#### Work order
Given the entries that follow, write out exactly the lines starting at the one containing "by (intro renorm_density)" and ending at the one containing "assms(1,2) by measurable", both ends included, and only those.

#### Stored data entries

lemma renorm_density:
  fixes l :: "'a::euclidean_space \<Rightarrow> real"
  assumes sets: "sets \<pi> = sets borel" and b_meas: "(\<lambda>x. \<beta> x * indicator X x) \<in> borel_measurable borel"
    and \<beta>_nonneg: "\<forall>x\<in>X. 0 \<le> \<beta> x" and l_meas: "l \<in> borel_measurable borel" and l_nonneg: "\<forall>x\<in>X. 0 \<le> l x"
    and Z_pos: "0 < (\<integral>x. \<beta> x * indicator X x \<partial>\<pi>)"
  shows "renorm X \<beta> (density \<pi> (\<lambda>x. ennreal (l x)))
    = density (renorm X \<beta> \<pi>) (\<lambda>x. ennreal ((\<integral>x. \<beta> x * indicator X x \<partial>\<pi>)
        / (\<integral>x. \<beta> x * indicator X x \<partial>density \<pi> (\<lambda>x. ennreal (l x))) * l x))"
proof -
  define b where "b x = \<beta> x * indicator X x" for x
  define Z where "Z = (\<integral>x. b x \<partial>\<pi>)"
  define Z1 where "Z1 = (\<integral>x. b x \<partial>density \<pi> (\<lambda>x. ennreal (l x)))"
  have meas: "h \<in> borel_measurable \<pi>" if "h \<in> borel_measurable borel" for h :: "'a \<Rightarrow> 'b::topological_space"
    using that by (simp add: measurable_cong_sets[OF sets refl])
  have b_meas' [measurable]: "b \<in> borel_measurable borel" using b_meas by (simp add: b_def[abs_def])
  note l_meas [measurable]
  have "renorm X \<beta> (density \<pi> (\<lambda>x. ennreal (l x)))
      = density (density \<pi> (\<lambda>x. ennreal (l x))) (\<lambda>x. ennreal (b x / Z1))"
    unfolding renorm_def Let_def b_def Z1_def ..
  also have "\<dots> = density \<pi> (\<lambda>x. ennreal (l x) * ennreal (b x / Z1))"
    using l_meas b_meas' by (intro density_density_eq) (simp_all add: meas)
  also have "\<dots> = density \<pi> (\<lambda>x. ennreal (b x / Z) * ennreal (Z / Z1 * l x))"
  proof (intro arg_cong[where f = "density \<pi>"] ext)
    fix x
    show "ennreal (l x) * ennreal (b x / Z1) = ennreal (b x / Z) * ennreal (Z / Z1 * l x)"
    proof (cases "x \<in> X \<and> Z1 > 0")
      case True
      then have "0 \<le> l x" "0 \<le> b x" using l_nonneg \<beta>_nonneg by (simp_all add: b_def)
      then show ?thesis
        using True Z_pos by (simp add: ennreal_mult[symmetric] field_simps Z_def b_def)
    next
      case False
      \<comment> \<open>If the tilted normaliser is not positive, ennreal clips both sides to 0.\<close>
      show ?thesis
      proof (cases "x \<in> X")
        case True
        with False have "Z1 \<le> 0" by simp
        moreover have "0 \<le> l x" "0 \<le> b x" using True l_nonneg \<beta>_nonneg by (simp_all add: b_def)
        moreover have "0 < Z" using Z_pos by (simp add: Z_def b_def)
        ultimately have "b x / Z1 \<le> 0" "Z / Z1 * l x \<le> 0"
          by (auto intro: divide_nonneg_nonpos mult_nonpos_nonneg)
        then show ?thesis by (simp add: ennreal_neg)
      qed (simp add: b_def)
    qed
  qed
  also have "\<dots> = density (renorm X \<beta> \<pi>) (\<lambda>x. ennreal (Z / Z1 * l x))"
    unfolding renorm_def Let_def b_def[symmetric] Z_def[symmetric]
    using l_meas b_meas' by (intro density_density_eq[symmetric]) (simp_all add: meas)
  finally show ?thesis unfolding Z_def Z1_def b_def .
qed

lemma strongly_logconcave_renorm_density_affine:
  fixes \<pi> :: "'a::euclidean_space measure"
  assumes prob: "prob_space \<pi>" and sets: "sets \<pi> = sets borel"
    and X: "compact X" "emeasure \<pi> (- X) = 0"
    and \<beta>: "continuous_on X \<beta>" "\<forall>x\<in>X. \<beta> x > 0"
    and pos: "\<forall>x\<in>X. \<alpha> + v \<bullet> x > 0"
    and slc: "strongly_logconcave \<mu> N (renorm X \<beta> \<pi>)"
  shows "strongly_logconcave \<mu> N (renorm X \<beta> (density \<pi> (\<lambda>x. ennreal (\<alpha> + v \<bullet> x))))"
proof -
  define b where "b x = \<beta> x * indicator X x" for x
  define l where "l x = \<alpha> + v \<bullet> x" for x
  have X_sets [measurable]: "X \<in> sets borel" using X by (simp add: compact_imp_closed borel_closed)
  have "(\<lambda>x. indicator X x *\<^sub>R \<beta> x) \<in> borel_measurable borel"
    using \<beta>(1) by (intro borel_measurable_continuous_on_indicator) auto
  then have b_meas [measurable]: "b \<in> borel_measurable borel"
    by (simp add: b_def[abs_def] mult.commute)
  have l_meas [measurable]: "l \<in> borel_measurable borel" unfolding l_def by measurable
  have AE_X: "AE x in \<pi>. x \<in> X" using X(2) sets by (intro AE_I[of _ _ "- X"]) auto
  have b_cont: "continuous_on X b" using \<beta>(1) by (rule continuous_on_eq) (simp add: b_def)
  have l_cont: "continuous_on X l" unfolding l_def by (intro continuous_intros)
  have b_pos: "\<forall>x\<in>X. 0 < b x" and l_pos: "\<forall>x\<in>X. 0 < l x"
    using \<beta>(2) pos by (simp_all add: b_def l_def)
  define Z where "Z = (\<integral>x. b x \<partial>\<pi>)"
  define Z1 where "Z1 = (\<integral>x. b x \<partial>density \<pi> (\<lambda>x. ennreal (l x)))"
  have "Z > 0" unfolding Z_def by (rule integral_pos_continuous_on_compact[OF prob sets X(1) AE_X b_meas b_cont b_pos])
  have "AE x in \<pi>. 0 \<le> l x" using AE_X by eventually_elim (use l_pos in fastforce)
  then have "Z1 = (\<integral>x. l x * b x \<partial>\<pi>)"
    unfolding Z1_def by (subst integral_density) (auto simp: measurable_cong_sets[OF sets refl])
  also have "\<dots> > 0"
    using continuous_on_mult[OF l_cont b_cont] b_pos l_pos
    by (intro integral_pos_continuous_on_compact[OF prob sets X(1) AE_X]) auto
  finally have "Z1 > 0" .
  have "renorm X \<beta> (density \<pi> (\<lambda>x. ennreal (l x))) = density (renorm X \<beta> \<pi>) (\<lambda>x. ennreal (Z / Z1 * l x))"
    unfolding Z_def Z1_def b_def using sets \<beta>(2) pos \<open>Z > 0\<close>
    by (intro renorm_density) (auto simp: b_def[symmetric] Z_def l_def less_imp_le)
  also have "(\<lambda>x. Z / Z1 * l x) = (\<lambda>x. Z / Z1 * \<alpha> + (Z / Z1) *\<^sub>R v \<bullet> x)"
    by (simp add: l_def algebra_simps)
  finally have eq: "renorm X \<beta> (density \<pi> (\<lambda>x. ennreal (\<alpha> + v \<bullet> x)))
      = density (renorm X \<beta> \<pi>) (\<lambda>x. ennreal (Z / Z1 * \<alpha> + (Z / Z1) *\<^sub>R v \<bullet> x))"
    by (simp add: l_def)
  have "\<forall>x\<in>X. Z / Z1 * \<alpha> + (Z / Z1) *\<^sub>R v \<bullet> x > 0"
  proof
    fix x assume "x \<in> X"
    have "Z / Z1 * \<alpha> + (Z / Z1) *\<^sub>R v \<bullet> x = Z / Z1 * (\<alpha> + v \<bullet> x)" by (simp add: algebra_simps)
    also have "\<dots> > 0" using pos \<open>x \<in> X\<close> \<open>Z > 0\<close> \<open>Z1 > 0\<close> by simp
    finally show "Z / Z1 * \<alpha> + (Z / Z1) *\<^sub>R v \<bullet> x > 0" .
  qed
  moreover have "emeasure (renorm X \<beta> \<pi>) (- X) = 0"
    using sets b_meas by (intro emeasure_renorm_compl) (simp_all add: b_def[abs_def])
  ultimately show ?thesis
    unfolding eq using slc sets X(1)
    by (intro strongly_logconcave_density_affine) (auto simp: renorm_def Let_def compact_imp_closed)
qed

lemma integrable_scaleR_bounded:
  fixes F :: "'a \<Rightarrow> real" and g :: "'a \<Rightarrow> 'b::{banach, second_countable_topology}"
  assumes "integrable M F" and "g \<in> borel_measurable M" and bnd: "AE x in M. norm (g x) \<le> B"
  shows "integrable M (\<lambda>x. F x *\<^sub>R g x)"
proof (rule Bochner_Integration.integrable_bound)
  show "integrable M (\<lambda>x. B * F x)" using assms(1) by simp
  show "(\<lambda>x. F x *\<^sub>R g x) \<in> borel_measurable M" using assms(1,2) by measurable
  show "AE x in M. norm (F x *\<^sub>R g x) \<le> norm (B * F x)"
    using bnd
  proof eventually_elim
    case (elim x)
    have "\<bar>F x\<bar> * norm (g x) \<le> \<bar>F x\<bar> * \<bar>B\<bar>" using elim by (intro mult_left_mono) auto
    then show ?case by (simp add: abs_mult mult.commute)
  qed
qed

lemma nn_integral_neg_le_density:
  fixes F l :: "'a \<Rightarrow> real"
  assumes fin: "finite_measure M" "finite_measure (density M (\<lambda>x. ennreal (l x)))"
    and F_meas: "F \<in> borel_measurable M" and F_bdd: "\<forall>x. F x \<le> B"
    and l_meas: "l \<in> borel_measurable M" and l_bnd: "AE x in M. 0 \<le> l x \<and> l x \<le> C"
    and cond: "(\<integral>\<^sup>+ x. ennreal (- F x) \<partial>M) \<le> (\<integral>\<^sup>+ x. ennreal (F x) \<partial>M)"
    and mean: "0 \<le> (\<integral>x. l x * F x \<partial>M)"
  shows "(\<integral>\<^sup>+ x. ennreal (- F x) \<partial>density M l) \<le> (\<integral>\<^sup>+ x. ennreal (F x) \<partial>density M l)"
proof -
  have l_nonneg: "AE x in M. 0 \<le> l x" using l_bnd by eventually_elim simp
  have "integrable M F" using cond nn_integral_neg_le_iff[OF fin(1) F_meas F_bdd] by simp
  then have "integrable M (\<lambda>x. F x *\<^sub>R l x)"
    using l_meas l_bnd by (intro integrable_scaleR_bounded[where B = C]) (auto elim: eventually_mono)
  then have "integrable (density M l) F"
    using F_meas l_meas l_nonneg by (simp add: integrable_density mult.commute)
  moreover have "integral\<^sup>L (density M l) F = (\<integral>x. l x * F x \<partial>M)"
    using F_meas l_meas l_nonneg by (simp add: integral_density)
  moreover have "F \<in> borel_measurable (density M l)" using F_meas by simp
  ultimately show ?thesis
    using mean nn_integral_neg_le_iff[OF fin(2) _ F_bdd] by simp
qed

lemma S_setD:
  fixes X :: "'a::euclidean_space set"
  assumes \<pi>: "\<pi> \<in> S_set X N \<mu> \<beta> f" and X: "compact X" and f: "usc_on X f"
  shows "prob_space \<pi>" and "sets \<pi> = sets borel" and "emeasure \<pi> (- X) = 0"
    and "AE x in \<pi>. x \<in> X"
    and "integrable \<pi> (\<lambda>x. f x * indicator X x)" and "0 \<le> (\<integral>x. f x * indicator X x \<partial>\<pi>)"
proof -
  show prob: "prob_space \<pi>" and sets: "sets \<pi> = sets borel" and null: "emeasure \<pi> (- X) = 0"
    using \<pi> unfolding S_set_def by auto
  show "AE x in \<pi>. x \<in> X"
    using null sets X by (intro AE_I[of _ _ "- X"]) (auto simp: compact_imp_closed)
  obtain M where "\<forall>x\<in>X. f x \<le> M" using usc_on_bdd_above[OF f X] .
  then have "\<forall>x. f x * indicator X x \<le> max M 0" by (auto simp: indicator_def)
  moreover have "(\<lambda>x. f x * indicator X x) \<in> borel_measurable \<pi>"
    using borel_measurable_usc_on_indicator[OF f compact_imp_closed[OF X]]
    by (simp add: measurable_cong_sets[OF sets refl])
  ultimately show "integrable \<pi> (\<lambda>x. f x * indicator X x)" "0 \<le> (\<integral>x. f x * indicator X x \<partial>\<pi>)"
    using \<pi> nn_integral_neg_le_iff[OF prob_space.finite_measure[OF prob]] unfolding S_set_def by auto
qed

#### Answer space
    by (intro renorm_density) (auto simp: b_def[symmetric] Z_def l_def less_imp_le)
  also have "(\<lambda>x. Z / Z1 * l x) = (\<lambda>x. Z / Z1 * \<alpha> + (Z / Z1) *\<^sub>R v \<bullet> x)"
    by (simp add: l_def algebra_simps)
  finally have eq: "renorm X \<beta> (density \<pi> (\<lambda>x. ennreal (\<alpha> + v \<bullet> x)))
      = density (renorm X \<beta> \<pi>) (\<lambda>x. ennreal (Z / Z1 * \<alpha> + (Z / Z1) *\<^sub>R v \<bullet> x))"
    by (simp add: l_def)
  have "\<forall>x\<in>X. Z / Z1 * \<alpha> + (Z / Z1) *\<^sub>R v \<bullet> x > 0"
  proof
    fix x assume "x \<in> X"
    have "Z / Z1 * \<alpha> + (Z / Z1) *\<^sub>R v \<bullet> x = Z / Z1 * (\<alpha> + v \<bullet> x)" by (simp add: algebra_simps)
    also have "\<dots> > 0" using pos \<open>x \<in> X\<close> \<open>Z > 0\<close> \<open>Z1 > 0\<close> by simp
    finally show "Z / Z1 * \<alpha> + (Z / Z1) *\<^sub>R v \<bullet> x > 0" .
  qed
  moreover have "emeasure (renorm X \<beta> \<pi>) (- X) = 0"
    using sets b_meas by (intro emeasure_renorm_compl) (simp_all add: b_def[abs_def])
  ultimately show ?thesis
    unfolding eq using slc sets X(1)
    by (intro strongly_logconcave_density_affine) (auto simp: renorm_def Let_def compact_imp_closed)
qed

lemma integrable_scaleR_bounded:
  fixes F :: "'a \<Rightarrow> real" and g :: "'a \<Rightarrow> 'b::{banach, second_countable_topology}"
  assumes "integrable M F" and "g \<in> borel_measurable M" and bnd: "AE x in M. norm (g x) \<le> B"
  shows "integrable M (\<lambda>x. F x *\<^sub>R g x)"
proof (rule Bochner_Integration.integrable_bound)
  show "integrable M (\<lambda>x. B * F x)" using assms(1) by simp
  show "(\<lambda>x. F x *\<^sub>R g x) \<in> borel_measurable M" using assms(1,2) by measurable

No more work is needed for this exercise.